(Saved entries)

• • • • •

lemma conic_caratheodory_seq:
  fixes v :: "nat \<Rightarrow> 'i \<Rightarrow> 'a::real_vector"
  assumes A: "finite A" and c: "\<And>k j. j \<in> A \<Longrightarrow> c k j \<ge> 0"
  obtains J C where "\<And>k. J k \<subseteq> A" "\<And>k j. j \<in> J k \<Longrightarrow> C k j \<ge> 0"
    "\<And>k. (\<Sum>j\<in>J k. C k j *\<^sub>R v k j) = (\<Sum>j\<in>A. c k j *\<^sub>R v k j)"
    "\<And>k. linearly_independent_on (J k) (v k)"
proof -
  have "\<forall>k. \<exists>J. J \<subseteq> A \<and> (\<exists>C. (\<forall>j\<in>J. C j \<ge> 0) \<and>
      (\<Sum>j\<in>J. C j *\<^sub>R v k j) = (\<Sum>j\<in>A. c k j *\<^sub>R v k j) \<and> linearly_independent_on J (v k))"
    using conic_caratheodory[OF A, of "c _" "v _"] c by blast
  then obtain J where "\<forall>k. J k \<subseteq> A \<and> (\<exists>C. (\<forall>j\<in>J k. C j \<ge> 0) \<and>
      (\<Sum>j\<in>J k. C j *\<^sub>R v k j) = (\<Sum>j\<in>A. c k j *\<^sub>R v k j) \<and> linearly_independent_on (J k) (v k))"
    by (auto dest: choice)
  then have JA: "\<And>k. J k \<subseteq> A" and ex_C: "\<forall>k. \<exists>C. (\<forall>j\<in>J k. C j \<ge> 0) \<and>
      (\<Sum>j\<in>J k. C j *\<^sub>R v k j) = (\<Sum>j\<in>A. c k j *\<^sub>R v k j) \<and> linearly_independent_on (J k) (v k)"
    by blast+
  from choice[OF ex_C] obtain C where "\<forall>k. (\<forall>j\<in>J k. C k j \<ge> 0) \<and>
      (\<Sum>j\<in>J k. C k j *\<^sub>R v k j) = (\<Sum>j\<in>A. c k j *\<^sub>R v k j) \<and> linearly_independent_on (J k) (v k)"
    by blast
  with JA show thesis by (intro that[of J C]) blast+
qed

lemma CPLD_family_limit_not_positively_dependent:
  assumes "CPLD_family A a x" "J \<subseteq> A" "y \<longlonglongrightarrow> x"
    and "\<And>n. linearly_independent_on J (\<lambda>j. a j (y n))"
  shows "\<not> positively_dependent_on J (\<lambda>j. a j x)"
proof
  assume "positively_dependent_on J (\<lambda>j. a j x)"
  then obtain e where "e > 0" and e: "\<forall>z\<in>ball x e. \<not> linearly_independent_on J (\<lambda>j. a j z)"
    using assms(1,2) unfolding CPLD_family_def by blast
  from \<open>y \<longlonglongrightarrow> x\<close> \<open>e > 0\<close> obtain n where "dist (y n) x < e"
    by (meson LIMSEQ_iff_nz dist_commute order_refl)
  then show False using e assms(4)[of n] by (simp add: dist_commute)
qed

lemma nonneg_combination_limit_normalized:
  fixes a :: "'i::finite \<Rightarrow> 'b::metric_space \<Rightarrow> 'a::real_normed_vector"
  assumes cont: "\<And>j. isCont (a j) x" and y: "y \<longlonglongrightarrow> x"
    and C: "\<And>n j. j \<in> J \<Longrightarrow> C n j \<ge> 0"
    and lim: "(\<lambda>n. \<Sum>j\<in>J. C n j *\<^sub>R a j (y n)) \<longlonglongrightarrow> z"
  obtains dd :: "real^'i" and tt where "\<forall>j\<in>J. dd $ j \<ge> 0" "\<forall>j. j \<notin> J \<longrightarrow> dd $ j = 0"
    "tt \<ge> 0" "norm dd + tt = 1" "(\<Sum>j\<in>J. dd $ j *\<^sub>R a j x) = tt *\<^sub>R z"
proof -
  \<comment> \<open>normalise the coefficients to \<open>(D, T)\<close> with \<open>norm D + T = 1\<close> and pass to a limit \<open>(dd, tt)\<close>\<close>
  define Cv where "Cv n = (\<chi> j. if j \<in> J then C n j else 0)" for n
  define T where "T n = 1 / (1 + norm (Cv n))" for n
  define D where "D n = T n *\<^sub>R Cv n" for n
  have T_pos: "T n > 0" for n
    unfolding T_def by (simp add: add_pos_nonneg)
  have T_eq: "T n = 1 - norm (D n)" for n
  proof -
    have "1 + norm (Cv n) > 0" by (simp add: add_pos_nonneg)
    then show ?thesis using T_pos[of n] by (simp add: D_def T_def field_simps)
  qed
  have "bounded (range D)"
    unfolding bounded_iff using T_eq T_pos by (metis less_eq_real_def rangeE diff_gt_0_iff_gt)
  then obtain r dd where r: "strict_mono r" and D_lim: "(D \<circ> r) \<longlonglongrightarrow> dd"
    using bounded_imp_convergent_subsequence by blast
  define tt where "tt = 1 - norm dd"
  have T_lim: "(T \<circ> r) \<longlonglongrightarrow> tt"
    unfolding tt_def o_def T_eq using D_lim by (auto simp: o_def intro!: tendsto_intros)
  have y_lim: "(y \<circ> r) \<longlonglongrightarrow> x"
    using LIMSEQ_subseq_LIMSEQ[OF y r] .
  have "(\<lambda>n. \<Sum>j\<in>J. D (r n) $ j *\<^sub>R a j (y (r n))) \<longlonglongrightarrow> (\<Sum>j\<in>J. dd $ j *\<^sub>R a j x)"
    using D_lim y_lim
    by (auto simp: o_def intro!: tendsto_intros tendsto_vec_nth isCont_tendsto_compose[OF cont])
  moreover have "(\<Sum>j\<in>J. D n $ j *\<^sub>R a j (y n)) = T n *\<^sub>R (\<Sum>j\<in>J. C n j *\<^sub>R a j (y n))" for n
    by (simp add: D_def Cv_def scaleR_sum_right)
  moreover have "(\<lambda>n. T (r n) *\<^sub>R (\<Sum>j\<in>J. C (r n) j *\<^sub>R a j (y (r n)))) \<longlonglongrightarrow> tt *\<^sub>R z"
    using T_lim LIMSEQ_subseq_LIMSEQ[OF lim r] by (auto simp: o_def intro: tendsto_scaleR)
  ultimately have "(\<Sum>j\<in>J. dd $ j *\<^sub>R a j x) = tt *\<^sub>R z"
    using LIMSEQ_unique by auto
  moreover have "dd $ j \<ge> 0" if "j \<in> J" for j
    using D_lim T_pos C[OF that]
    by (intro LIMSEQ_le_const[OF tendsto_vec_nth]) (auto simp: o_def D_def Cv_def less_imp_le)
  moreover have "dd $ j = 0" if "j \<notin> J" for j
    using tendsto_vec_nth[OF D_lim, of j] that by (simp add: o_def D_def Cv_def LIMSEQ_const_iff)
  moreover have "tt \<ge> 0"
    using T_lim T_pos by (intro LIMSEQ_le_const) (auto simp: less_imp_le)
  ultimately show thesis
    using that[of dd tt] by (simp add: tt_def)
qed

lemma CPLD_family_cone_limit_fixed_support:
  fixes a :: "'i::finite \<Rightarrow> 'b::metric_space \<Rightarrow> 'a::real_normed_vector"
  assumes cpld: "CPLD_family A a x" and J: "J \<subseteq> A"
    and cont: "\<And>j. isCont (a j) x" and y: "y \<longlonglongrightarrow> x"
    and indep: "\<And>n. linearly_independent_on J (\<lambda>j. a j (y n))"
    and C: "\<And>n j. j \<in> J \<Longrightarrow> C n j \<ge> 0"
    and lim: "(\<lambda>n. \<Sum>j\<in>J. C n j *\<^sub>R a j (y n)) \<longlonglongrightarrow> z"
  shows "\<exists>\<nu>. (\<forall>j\<in>J. \<nu> j \<ge> 0) \<and> (\<Sum>j\<in>J. \<nu> j *\<^sub>R a j x) = z"
proof -
  obtain dd :: "real^'i" and tt where dd_nonneg: "\<forall>j\<in>J. dd $ j \<ge> 0"
    and dd_outside: "\<forall>j. j \<notin> J \<longrightarrow> dd $ j = 0" and "tt \<ge> 0" "norm dd + tt = 1"
    and limit_eq: "(\<Sum>j\<in>J. dd $ j *\<^sub>R a j x) = tt *\<^sub>R z"
    by (rule nonneg_combination_limit_normalized[OF cont y C lim])
  show ?thesis
  proof (cases "tt = 0")
    case True
    with \<open>norm dd + tt = 1\<close> have "dd \<noteq> 0" by auto
    then obtain j1 where "dd $ j1 \<noteq> 0" by (auto simp: vec_eq_iff)
    with dd_outside have "j1 \<in> J" by blast
    with \<open>dd $ j1 \<noteq> 0\<close> dd_nonneg limit_eq True
    have "positively_dependent_on J (\<lambda>j. a j x)"
      unfolding positively_dependent_on_def by (intro exI[of _ "\<lambda>j. dd $ j"]) auto
    moreover have "\<not> positively_dependent_on J (\<lambda>j. a j x)"
      using CPLD_family_limit_not_positively_dependent[OF cpld J y indep] .
    ultimately show ?thesis by contradiction
  next
    case False
    with \<open>tt \<ge> 0\<close> have "tt > 0" by simp
    have "(\<Sum>j\<in>J. (dd $ j / tt) *\<^sub>R a j x) = (1 / tt) *\<^sub>R (\<Sum>j\<in>J. dd $ j *\<^sub>R a j x)"
      by (simp add: scaleR_sum_right)
    also have "\<dots> = z" using limit_eq \<open>tt > 0\<close> by simp
    finally show ?thesis
      using dd_nonneg \<open>tt > 0\<close> by (intro exI[of _ "\<lambda>j. dd $ j / tt"]) auto
  qed
qed

lemma CPLD_family_cone_limit:
  fixes a :: "'i::finite \<Rightarrow> 'b::metric_space \<Rightarrow> 'a::real_normed_vector"
  assumes cpld: "CPLD_family A a x" and cont: "\<And>j. isCont (a j) x" and y: "y \<longlonglongrightarrow> x"
    and c: "\<And>k j. j \<in> A \<Longrightarrow> c k j \<ge> 0"
    and lim: "(\<lambda>k. \<Sum>j\<in>A. c k j *\<^sub>R a j (y k)) \<longlonglongrightarrow> z"
  shows "\<exists>\<nu>. (\<forall>j\<in>A. \<nu> j \<ge> 0) \<and> (\<Sum>j\<in>A. \<nu> j *\<^sub>R a j x) = z"
proof -
  obtain J C where JA: "\<And>k. J k \<subseteq> A" and C: "\<And>k j. j \<in> J k \<Longrightarrow> C k j \<ge> 0"
    and C_sum: "\<And>k. (\<Sum>j\<in>J k. C k j *\<^sub>R a j (y k)) = (\<Sum>j\<in>A. c k j *\<^sub>R a j (y k))"
    and indep: "\<And>k. linearly_independent_on (J k) (\<lambda>j. a j (y k))"
    using conic_caratheodory_seq[of A c "\<lambda>k j. a j (y k)"] c by auto
  \<comment> \<open>only finitely many supports occur, so one of them occurs infinitely often\<close>
  have "finite (range J)"
    by (rule finite_subset[of _ "Pow UNIV"]) auto
  from pigeonhole_infinite[OF infinite_UNIV_nat this]
  obtain k0 where "infinite {k. J k = J k0}" by auto
  from infinite_enumerate[OF this] obtain r :: "nat \<Rightarrow> nat"
    where r: "strict_mono r" and r_J: "\<forall>n. r n \<in> {k. J k = J k0}" by blast
  define J0 where "J0 = J k0"
  have J_r: "J (r n) = J0" for n using r_J by (simp add: J0_def)
  have J0A: "J0 \<subseteq> A" using JA[of k0] by (simp add: J0_def)
  have "\<exists>\<nu>. (\<forall>j\<in>J0. \<nu> j \<ge> 0) \<and> (\<Sum>j\<in>J0. \<nu> j *\<^sub>R a j x) = z"
  proof (rule CPLD_family_cone_limit_fixed_support[OF cpld J0A cont])
    show "(y \<circ> r) \<longlonglongrightarrow> x" using LIMSEQ_subseq_LIMSEQ[OF y r] .
    show "linearly_independent_on J0 (\<lambda>j. a j ((y \<circ> r) n))" for n
      using indep[of "r n"] J_r by simp
    show "C (r n) j \<ge> 0" if "j \<in> J0" for n j
      using C[of j "r n"] J_r that by simp
    have "(\<Sum>j\<in>J0. C (r n) j *\<^sub>R a j ((y \<circ> r) n)) = ((\<lambda>k. \<Sum>j\<in>A. c k j *\<^sub>R a j (y k)) \<circ> r) n" for n
      using C_sum[of "r n"] by (simp add: J_r)
    with LIMSEQ_subseq_LIMSEQ[OF lim r]
    show "(\<lambda>n. \<Sum>j\<in>J0. C (r n) j *\<^sub>R a j ((y \<circ> r) n)) \<longlonglongrightarrow> z" by (simp add: o_def)
  qed
  then obtain \<nu> where \<nu>: "\<forall>j\<in>J0. \<nu> j \<ge> 0" "(\<Sum>j\<in>J0. \<nu> j *\<^sub>R a j x) = z" by blast
  from J0A have "(\<Sum>j\<in>A. (if j \<in> J0 then \<nu> j else 0) *\<^sub>R a j x) = (\<Sum>j\<in>J0. \<nu> j *\<^sub>R a j x)"
    by (intro sum.mono_neutral_cong_right) auto
  then show ?thesis
    using \<nu> by (intro exI[of _ "\<lambda>j. if j \<in> J0 then \<nu> j else 0"]) auto
qed

lemma CPLD_family_cone_limit_approx:
  fixes a :: "'i::finite \<Rightarrow> 'b::metric_space \<Rightarrow> 'a::real_normed_vector"
  assumes cpld: "CPLD_family A a x" and cont: "\<And>j. isCont (a j) x" and y: "y \<longlonglongrightarrow> x"
    and neg_part: "\<And>j. j \<in> A \<Longrightarrow> (\<lambda>k. min 0 (c k j)) \<longlonglongrightarrow> 0"
    and outside: "\<And>j. j \<notin> A \<Longrightarrow> (\<lambda>k. c k j) \<longlonglongrightarrow> 0"
    and lim: "(\<lambda>k. \<Sum>j\<in>UNIV. c k j *\<^sub>R a j (y k)) \<longlonglongrightarrow> z"
  shows "\<exists>\<nu>. (\<forall>j\<in>A. \<nu> j \<ge> 0) \<and> (\<Sum>j\<in>A. \<nu> j *\<^sub>R a j x) = z"
proof (rule CPLD_family_cone_limit[OF cpld cont y])
  define e where "e k j = (if j \<in> A then min 0 (c k j) else c k j)" for k j
  have "(\<lambda>k. e k j) \<longlonglongrightarrow> 0" for j
    by (cases "j \<in> A") (simp_all add: e_def neg_part outside)
  then have "(\<lambda>k. \<Sum>j\<in>UNIV. e k j *\<^sub>R a j (y k)) \<longlonglongrightarrow> (\<Sum>j\<in>UNIV. 0 *\<^sub>R a j x)"
    by (intro tendsto_sum tendsto_scaleR isCont_tendsto_compose[OF cont y])
  from tendsto_diff[OF lim this]
  have "(\<lambda>k. \<Sum>j\<in>UNIV. (c k j - e k j) *\<^sub>R a j (y k)) \<longlonglongrightarrow> z"
    by (simp add: sum_subtractf scaleR_diff_left)
  moreover have "(\<Sum>j\<in>UNIV. (c k j - e k j) *\<^sub>R a j (y k)) = (\<Sum>j\<in>A. max 0 (c k j) *\<^sub>R a j (y k))" for k
    by (rule sum.mono_neutral_cong_right) (auto simp: e_def)
  ultimately show "(\<lambda>k. \<Sum>j\<in>A. max 0 (c k j) *\<^sub>R a j (y k)) \<longlonglongrightarrow> z" by simp
qed simp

• • • • •

(Task)
An exact copy of the lines above, from the one containing "by (rule nonneg_combination_limit_normalized[OF" through the one containing "then obtain j1", is the whole of the answer.

(Result)
    by (rule nonneg_combination_limit_normalized[OF cont y C lim])
  show ?thesis
  proof (cases "tt = 0")
    case True
    with \<open>norm dd + tt = 1\<close> have "dd \<noteq> 0" by auto
    then obtain j1 where "dd $ j1 \<noteq> 0" by (auto simp: vec_eq_iff)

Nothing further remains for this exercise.